Was die Route angeht bin ich da flexibel. Ausgedehnte Wanderungen mit dem Bike auf dem Rücken muss nicht sein.

Frohe Weihnachten

Armin


----------



## Matze. (24. Dezember 2010)

> irgendwie klang die Routen-Beschreibung von Achim Zahn in seinem Buch gar nicht so extrem, aber gut... ich lass mich gerne zu anderen Überlegungen umstimmen! ;-)





Der Zahn ist auch ein gehöriger Beißer, den stören so Schiebeorgien und steilste Rampen überhaupt nicht.
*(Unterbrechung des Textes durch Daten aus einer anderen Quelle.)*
(* There exist $K_3$-WORM-colorable $K_4$-free graphs $G$ such that $W^-(G,K_3)=3$.
   Context: A $K_3$-WORM coloring of a graph $G$ is an assignment of colors to the vertices of $G$ such that the three vertices of every triangle of $G$ receive exactly two distinct colors. $G$ is $K_3$-WORM-colorable if it has such a coloring, and then $W^-(G,K_3)$ is the minimum number of colors used in a $K_3$-WORM coloring of $G$. A graph is $K_4$-free if it contains no subgraph isomorphic to $K_4$. *)

theory Defs
  imports Main
begin

definition simple_graph :: "'a set \<Rightarrow> ('a \<Rightarrow> 'a \<Rightarrow> bool) \<Rightarrow> bool" where
  "simple_graph V E \<longleftrightarrow> finite V \<and>
     (\<forall>x y. E x y \<longrightarrow> x \<in> V \<and> y \<in> V \<and> x \<noteq> y \<and> E y x)"

definition triangle :: "'a set \<Rightarrow> ('a \<Rightarrow> 'a \<Rightarrow> bool) \<Rightarrow> 'a \<Rightarrow> 'a \<Rightarrow> 'a \<Rightarrow> bool" where
  "triangle V E a b c \<longleftrightarrow> a \<in> V \<and> b \<in> V \<and> c \<in> V \<and> E a b \<and> E b c \<and> E a c"

definition K4_free :: "'a set \<Rightarrow> ('a \<Rightarrow> 'a \<Rightarrow> bool) \<Rightarrow> bool" where
  "K4_free V E \<longleftrightarrow> \<not> (\<exists>a\<in>V. \<exists>b\<in>V. \<exists>c\<in>V. \<exists>d\<in>V.
      E a b \<and> E a c \<and> E a d \<and> E b c \<and> E b d \<and> E c d)"

definition K3_worm_coloring :: "'a set \<Rightarrow> ('a \<Rightarrow> 'a \<Rightarrow> bool) \<Rightarrow> ('a \<Rightarrow> nat) \<Rightarrow> bool" where
  "K3_worm_coloring V E col \<longleftrightarrow>
     (\<forall>a b c. triangle V E a b c \<longrightarrow> card {col a, col b, col c} = 2)"

definition K3_worm_colorable :: "'a set \<Rightarrow> ('a \<Rightarrow> 'a \<Rightarrow> bool) \<Rightarrow> bool" where
  "K3_worm_colorable V E \<longleftrightarrow> (\<exists>col. K3_worm_coloring V E col)"

definition W_minus_K3 :: "'a set \<Rightarrow> ('a \<Rightarrow> 'a \<Rightarrow> bool) \<Rightarrow> nat" where
  "W_minus_K3 V E = (LEAST k. \<exists>col. K3_worm_coloring V E col \<and> card (col ` V) = k)"

end

theory Submission
  imports Defs
begin

text \<open>A WORM colouring with only two colours is the same as a vertex 2-colouring without a
  monochromatic triangle. Hence a graph in which every vertex 2-colouring has a monochromatic
  triangle needs at least three colours in any WORM colouring. A 17-vertex K4-free graph with
  this property which nevertheless has a WORM 3-colouring is checked by computation.\<close>

lemma K3_worm_coloring_triangle_not_monochromatic:
  assumes "K3_worm_coloring V E col" and "triangle V E a b c"
  shows "\<not> (col a = col b \<and> col b = col c)"
proof -
  have "card {col a, col b, col c} = 2"
    using assms by (simp add: K3_worm_coloring_def)
  then show ?thesis by auto
qed

lemma subset_doubleton_if_card_le_2:
  assumes "finite A" and "card A \<le> 2"
  obtains p q where "A \<subseteq> {p, q}"
proof -
  consider "card A = 0" | "card A = 1" | "card A = 2"
    using assms(2) by linarith
  then show thesis
  proof cases
    case 1
    with assms(1) show thesis by (intro that) simp
  next
    case 2
    then obtain p where "A = {p}" by (auto simp: card_1_singleton_iff)
    then show thesis by (intro that) auto
  next
    case 3
    then obtain p q where "A = {p, q}" by (auto simp: card_2_iff)
    then show thesis by (intro that) auto
  qed
qed

definition vertex_arrows_triangle :: "'a set \<Rightarrow> ('a \<Rightarrow> 'a \<Rightarrow> bool) \<Rightarrow> bool" where
  "vertex_arrows_triangle V E \<longleftrightarrow>
     (\<forall>f :: 'a \<Rightarrow> bool. \<exists>a b c. triangle V E a b c \<and> f a = f b \<and> f b = f c)"

lemma K3_worm_coloring_card_ge_3:
  assumes "finite V" and "vertex_arrows_triangle V E" and "K3_worm_coloring V E col"
  shows "3 \<le> card (col ` V)"
proof (rule ccontr)
  assume "\<not> 3 \<le> card (col ` V)"
  with assms(1) have "finite (col ` V)" and "card (col ` V) \<le> 2" by auto
  then obtain p q where pq: "col ` V \<subseteq> {p, q}"
    by (rule subset_doubleton_if_card_le_2)
  obtain a b c where abc: "triangle V E a b c"
    and mono: "(col a = p) = (col b = p)" "(col b = p) = (col c = p)"
    using assms(2) unfolding vertex_arrows_triangle_def by (elim allE[of _ "\<lambda>x. col x = p"]) blast
  have "col a \<in> {p, q}" "col b \<in> {p, q}" "col c \<in> {p, q}"
    using abc pq unfolding triangle_def by blast+
  with mono have "col a = col b \<and> col b = col c"
    by (metis insert_iff singletonD)
  with K3_worm_coloring_triangle_not_monochromatic[OF assms(3) abc] show False ..
qed

lemma W_minus_K3_eq_3:
  assumes "finite V" and "vertex_arrows_triangle V E"
    and "K3_worm_coloring V E col" and "card (col ` V) = 3"
  shows "W_minus_K3 V E = 3"
  unfolding W_minus_K3_def
proof (rule Least_equality)
  show "\<exists>col. K3_worm_coloring V E col \<and> card (col ` V) = 3"
    using assms(3,4) by blast
next
  fix k assume "\<exists>col. K3_worm_coloring V E col \<and> card (col ` V) = k"
  then show "3 \<le> k"
    using K3_worm_coloring_card_ge_3[OF assms(1,2)] by blast
qed

definition g17_nbrs :: "nat \<Rightarrow> nat list" where
  "g17_nbrs v = [[1,8,9,13,15,16], [0,2,3,5,10,14,16], [1,3,4,6,10,11,15], [1,2,4,5,7,11,12,16],
    [2,3,5,6,8,13], [1,3,4,6,7,9,13,14], [2,4,5,7,8,10,14], [3,5,6,8,9,11], [0,4,6,7,9,10,12,16],
    [0,5,7,8,11,13], [1,2,6,8,11,12,14], [2,3,7,9,10,12,15], [3,8,10,11,13,14,16],
    [0,4,5,9,12,14,15], [1,5,6,10,12,13,15,16], [0,2,11,13,14,16], [0,1,3,8,12,14,15]] ! v"

definition g17_adj :: "nat \<Rightarrow> nat \<Rightarrow> bool" where
  "g17_adj u v \<longleftrightarrow> u < 17 \<and> v \<in> set (g17_nbrs u)"

definition g17_coloring :: "nat \<Rightarrow> nat" where
  "g17_coloring v = [0,1,1,0,0,1,1,0,1,1,0,1,1,0,0,2,0] ! v"

lemma g17_nbrs_symmetric:
  "\<forall>u\<in>{0..<17}. \<forall>v\<in>set (g17_nbrs u). v < 17 \<and> v \<noteq> u \<and> u \<in> set (g17_nbrs v)"
  unfolding g17_nbrs_def by code_simp

lemma g17_adj_symmetric:
  assumes "g17_adj u v"
  shows "u < 17 \<and> v < 17 \<and> u \<noteq> v \<and> g17_adj v u"
proof -
  from assms have "u \<in> {0..<17}" and "v \<in> set (g17_nbrs u)"
    by (simp_all add: g17_adj_def)
  with g17_nbrs_symmetric have "v < 17 \<and> v \<noteq> u \<and> u \<in> set (g17_nbrs v)"
    by blast
  with \<open>u \<in> {0..<17}\<close> show ?thesis
    by (simp add: g17_adj_def)
qed

lemma simple_graph_g17: "simple_graph {0..<17} g17_adj"
  using g17_adj_symmetric by (simp add: simple_graph_def)

lemma g17_common_nbrs_independent:
  "\<forall>a\<in>{0..<17}. \<forall>b\<in>set (g17_nbrs a). \<forall>c\<in>set (g17_nbrs a). \<forall>d\<in>set (g17_nbrs a).
     c \<in> set (g17_nbrs b) \<longrightarrow> d \<in> set (g17_nbrs b) \<longrightarrow> d \<notin> set (g17_nbrs c)"
  unfolding g17_nbrs_def by code_simp

lemma K4_free_g17: "K4_free {0..<17} g17_adj"
  unfolding K4_free_def
proof clarify
  fix a b c d
  assume "g17_adj a b" "g17_adj a c" "g17_adj a d" "g17_adj b c" "g17_adj b d" "g17_adj c d"
  then have "a \<in> {0..<17}" "b \<in> set (g17_nbrs a)" "c \<in> set (g17_nbrs a)"
    "d \<in> set (g17_nbrs a)" "c \<in> set (g17_nbrs b)" "d \<in> set (g17_nbrs b)"
    "d \<in> set (g17_nbrs c)"
    by (simp_all add: g17_adj_def)
  with g17_common_nbrs_independent show False
    by blast
qed

lemma g17_triangles_two_colored:
  "\<forall>a\<in>{0..<17}. \<forall>b\<in>set (g17_nbrs a). \<forall>c\<in>set (g17_nbrs a).
     c \<in> set (g17_nbrs b) \<longrightarrow> card {g17_coloring a, g17_coloring b, g17_coloring c} = 2"
  unfolding g17_nbrs_def g17_coloring_def by code_simp

lemma K3_worm_coloring_g17: "K3_worm_coloring {0..<17} g17_adj g17_coloring"
  using g17_triangles_two_colored
  by (auto simp: K3_worm_coloring_def triangle_def g17_adj_def)

lemma card_g17_coloring: "card (g17_coloring ` {0..<17}) = 3"
  unfolding g17_coloring_def by code_simp

text \<open>Simplification turns the goal into a propositional formula in the 17 values of \<open>f\<close>,
  one disjunct per triangle, which SAT proves valid.\<close>
lemma g17_monochromatic_triangle:
  fixes f :: "nat \<Rightarrow> bool"
  shows "\<exists>a\<in>{0..<17}. \<exists>b\<in>set (g17_nbrs a). \<exists>c\<in>set (g17_nbrs a).
           c \<in> set (g17_nbrs b) \<and> f a = f b \<and> f b = f c"
  by (simp add: g17_nbrs_def atLeastLessThan_upt upt_rec) sat

lemma vertex_arrows_triangle_g17: "vertex_arrows_triangle {0..<17} g17_adj"
  unfolding vertex_arrows_triangle_def
proof
  fix f :: "nat \<Rightarrow> bool"
  obtain a b c where "a \<in> {0..<17}" "b \<in> set (g17_nbrs a)" "c \<in> set (g17_nbrs a)"
      "c \<in> set (g17_nbrs b)" and mono: "f a = f b" "f b = f c"
    using g17_monochromatic_triangle[of f] by blast
  then have ab: "g17_adj a b" and ac: "g17_adj a c"
    by (simp_all add: g17_adj_def)
  moreover have "g17_adj b c"
    using g17_adj_symmetric[OF ab] \<open>c \<in> set (g17_nbrs b)\<close> by (simp add: g17_adj_def)
  ultimately have "triangle {0..<17} g17_adj a b c"
    using g17_adj_symmetric[OF ab] g17_adj_symmetric[OF ac] by (simp add: triangle_def)
  with mono show "\<exists>a b c. triangle {0..<17} g17_adj a b c \<and> f a = f b \<and> f b = f c"
    by blast
qed

theorem mainTheorem5:
  shows "\<exists>(V :: nat set) E. simple_graph V E \<and> K4_free V E \<and>
           K3_worm_colorable V E \<and> W_minus_K3 V E = 3"
proof (intro exI conjI)
  show "simple_graph {0..<17} g17_adj" by (rule simple_graph_g17)
  show "K4_free {0..<17} g17_adj" by (rule K4_free_g17)
  show "K3_worm_colorable {0..<17} g17_adj"
    using K3_worm_coloring_g17 by (auto simp: K3_worm_colorable_def)
  show "W_minus_K3 {0..<17} g17_adj = 3"
    using vertex_arrows_triangle_g17 K3_worm_coloring_g17 card_g17_coloring
    by (rule W_minus_K3_eq_3[OF finite_atLeastLessThan])
qed

end
lemma limit_has_derivative:
  assumes "x < 0" shows "(limit has_real_derivative limit_slope x) (at x)"
proof -
  let ?g = "\<lambda>\<xi>. exp (- M * \<xi>) * source limit \<xi>"
  let ?F = "\<lambda>y. exp (M * y) * \<sigma> + exp (M * y) / c * integral {y..0} ?g"
  have limit_eq: "limit y = ?F y" if "y < 0" for y
    using Aop_eq_source[OF admissible_limit that] Aop_limit
      set_borel_integral_eq_integral(2)[OF weighted_source_integrable[OF admissible_limit]]
    by simp
  have "((\<lambda>y. integral {y..0} ?g) has_real_derivative - ?g x) (at x within {x - 1..0})"
    using assms by (intro integral_has_real_derivative' continuous_intros source_limit_continuous
        continuous_on_subset[OF source_limit_continuous]) auto
  moreover have "at x within {x - 1..0} = at x"
    using assms by (intro at_within_interior) auto
  ultimately have "(?F has_real_derivative M * ?F x - exp (M * x) * ?g x / c) (at x)"
    using c_pos by (auto intro!: derivative_eq_intros simp: field_simps)
  then have "(limit has_real_derivative M * ?F x - exp (M * x) * ?g x / c) (at x)"
    by (rule has_field_derivative_transform_within_open[of _ _ _ "{..<0}"])
       (use assms limit_eq in auto)
  moreover have "M * ?F x - exp (M * x) * ?g x / c = limit_slope x"
    using limit_eq[OF assms] by (simp add: limit_slope_def exp_minus)
  ultimately show ?thesis by simp
qed

lemma limit_translate_le:
  assumes "0 < h" shows "limit x \<le> limit (x - h)"
proof -
  define v where "v = (\<lambda>y. limit (y - h))"
  have v: "continuous_on UNIV v"
    unfolding v_def
    by (rule continuous_on_compose2[OF limit_continuous]) (auto intro!: continuous_intros)
  have admissible_v: "admissible v"
    using admissibleD[OF admissible_limit] borel_measurable_continuous_onI[OF v]
    by (auto simp: admissible_def v_def)
  have "A v y \<le> v y" for y
  proof (rule Aop_le_if_supersolution[OF admissible_v v, where v'="\<lambda>\<xi>. limit_slope (\<xi> - h)"])
    show "continuous_on UNIV (\<lambda>\<xi>. limit_slope (\<xi> - h))"
      by (rule continuous_on_compose2[OF limit_slope_continuous]) (auto intro!: continuous_intros)
    fix \<xi> :: real assume "\<xi> < 0"
    then show "(v has_real_derivative limit_slope (\<xi> - h)) (at \<xi>)"
      using limit_has_derivative[of "\<xi> - h"] \<open>0 < h\<close> DERIV_shift[of limit _ \<xi> "- h"]
      by (simp add: v_def)
    have "conv J (extend_right \<sigma> v) \<xi> \<le> conv J v \<xi>"
      using admissibleD[OF admissible_v] admissibleD[OF admissible_extend_right[OF admissible_v]]
      by (intro conv_mono[where B=1 and B'=1]) (auto simp: extend_right_def)
    also have "conv J v \<xi> = conv J limit (\<xi> - h)"
      unfolding v_def by (rule conv_translate)
    finally have "d * conv J (extend_right \<sigma> v) \<xi> \<le> d * conv J limit (\<xi> - h)"
      using d_pos by simp
    then show "source v \<xi> \<le> c * (M * v \<xi> - limit_slope (\<xi> - h))"
      using limit_equation[of "\<xi> - h"] by (simp add: source_def ftilde_def v_def algebra_simps)
  qed
  moreover have "\<phi>0 y \<le> v y" for y
    using antimono_start[THEN antimonoD, of "y - h" y] start_le_limit[of "y - h"] \<open>0 < h\<close>
    by (simp add: v_def)
  ultimately show "limit x \<le> limit (x - h)"
    using limit_le_supersolution[OF admissible_v] by (simp add: v_def)
qed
> die heckmeier route ist wie die kollegen oben schon gepostet haben mit knackigen tragepassagen gespickt, die mehr mit bergwandern mit fahrrad zu tun haben - so beschreibt der meister auch seine tour.




Das trifft es wohl ziemlich, für Heckmaier war es eine Hochgebirgstour mit Bike, ich finde Biketouren im Hochgebirge dagegen besser


----------



## Fubbes (26. Dezember 2010)

Heckmair hatte keine Vorreiter, die Route entstand sicherlich mit Kartenmaterial und seiner Erfahrung. Ob die Wege fahrbar waren, wusste er erst hinterher. 
Aus heutiger Sicht ist diese Route nix gescheites. Selbst, wenn man hoch gerne trägt, was ich von mir behaupten kann, die Abfahrten auf dieser Route rechtfertigen das nicht.
Einen Vorwurf kann man ihm deswegen nicht machen.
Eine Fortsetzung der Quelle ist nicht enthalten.